Recently confirmed National Labor Relations Board General Counsel Jennifer Abruzzo issued a memo this week outlining several federal labor law and policy issue areas that she expects to target during her tenure at the Board. Her memo offers a preview of what employers can expect over the next three years from the Office of General Counsel and the new Democratic majority at the Board.
Abruzzo highlighted more than 40 Trump-era decisions for possible reconsideration and rescission, signaling that undoing much of the previous Board’s work of the last four years is the main priority. Abruzzo’s views are quite important, as the Board’s General Counsel has sole authority to decide which cases to prosecute, which issues and cases to bring before the Board, and how such cases are argued before the Board. Accordingly, Abruzzo has significant power to effect substantial change to federal labor law and policy. Exercising such authority, Abruzzo may still be challenged on the theory that former General Counsel Peter Robb was unlawfully terminated and that his term continues through November 16, 2021.

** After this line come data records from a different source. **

lemma split_at_two_occurrences:
  assumes "take m (drop a w) = X" "take m (drop b w) = X" "a + m < b" "b + m \<le> length w"
  shows "\<exists>P G R. w = P @ X @ G @ X @ R \<and> G \<noteq> []"
proof -
  have drop_split: "drop i w = take k (drop i w) @ drop (i + k) w" for i k
    using append_take_drop_id[of k "drop i w"] by (simp add: add.commute)
  define G where "G = take (b - (a + m)) (drop (a + m) w)"
  have "drop (a + m) w = G @ drop b w"
    using drop_split[of "a + m" "b - (a + m)"] assms(3) unfolding G_def by simp
  then have "drop a w = X @ G @ X @ drop (b + m) w"
    using drop_split[of a m] drop_split[of b m] assms(1,2) by simp
  then have "w = take a w @ X @ G @ X @ drop (b + m) w"
    using append_take_drop_id[of a w] by simp
  moreover have "G \<noteq> []"
    using assms(3,4) unfolding G_def by simp
  ultimately show ?thesis by blast
qed

lemma long_qary_word_repeats_block:
  assumes "qary q w" "(q^m + 1) * (m + 1) \<le> length w"
  shows "\<exists>P X G R. w = P @ X @ G @ X @ R \<and> length X = m \<and> G \<noteq> []"
proof -
  define K where "K = q^m + 1"
  define block where "block i = take m (drop (i * (m + 1)) w)" for i
  have block_end: "i * (m + 1) + m < length w" if "i < K" for i
  proof -
    have "Suc i * (m + 1) \<le> K * (m + 1)" using that by (intro mult_le_mono1) simp
    then show ?thesis using assms(2) unfolding K_def by simp
  qed
  have block_length: "length (block i) = m" if "i < K" for i
    using block_end[OF that] unfolding block_def by simp
  have "block i \<in> {xs. set xs \<subseteq> {..<q} \<and> length xs = m}" if "i < K" for i
  proof -
    have "set (block i) \<subseteq> set w"
      unfolding block_def by (meson order_trans set_take_subset set_drop_subset)
    with assms(1) block_length[OF that] show ?thesis unfolding qary_def by auto
  qed
  then have "card (block ` {..<K}) \<le> card {xs. set xs \<subseteq> {..<q} \<and> length xs = m}"
    by (intro card_mono finite_lists_length_eq) auto
  also have "\<dots> = q^m" by (simp add: card_lists_length_eq)
  finally have "\<not> inj_on block {..<K}"
    using card_image[of block "{..<K}"] unfolding K_def by auto
  then obtain i j where "i < K" "j < K" "i \<noteq> j" "block i = block j"
    unfolding inj_on_def by blast
  then obtain i j where ij: "i < j" "j < K" and same_block: "block i = block j"
    by (metis nat_neq_iff)
  have "Suc i * (m + 1) \<le> j * (m + 1)" using ij(1) by (intro mult_le_mono1) simp
  then have "i * (m + 1) + m < j * (m + 1)" by simp
  moreover have "j * (m + 1) + m \<le> length w"
    using block_end[of j] ij by simp
  moreover have "take m (drop (i * (m + 1)) w) = block i" "take m (drop (j * (m + 1)) w) = block i"
    using same_block unfolding block_def by simp_all
  ultimately obtain P G R where "w = P @ block i @ G @ block i @ R" "G \<noteq> []"
    using split_at_two_occurrences by blast
  moreover have "length (block i) = m"
    using block_length ij by simp
  ultimately show ?thesis by blast
qed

Issue areas highlighted by Abruzzo as targets for changes in law and policy include:
- Employer handbook rules and workplace rules and policies. The Trump-era Board departed from the Obama Board and created a new framework for evaluating the legality of an employer’s workplace rules and policies – the Boeing framework – that accounted for an employer’s right to maintain discipline and a productive workplace. Abruzzo and the current Board will likely seek to revert to standards created under the Obama Board that will place increased scrutiny on employer workplace rules and policies that allegedly “chill” worker rights under the NLRA and therefore are presumed to be unlawful.
- Employee status. The Trump-era Board, in cases such as SuperShuttle DFW, Inc. 367 NLRB No. 75 (2019) and Velox Express, Inc., 368 NLRB No. 61 (2017), clarified employer rights to classify workers as independent contractors under the NLRA. Abruzzo and the Board will likely significantly restrict independent contractor status and target employers for NLRA violations for alleged worker misclassification.
- Definition of concerted activity. Abruzzo and the Board will likely use new cases to expand the range of employee activity and conduct that is protected under the NLRA against employer retaliation. This could have a considerable impact in several areas, including employee use of employer email systems for organizing purposes, employee strikes or protests for political reasons, and employers’ ability to discipline employees for the use of highly offensive language, among other areas.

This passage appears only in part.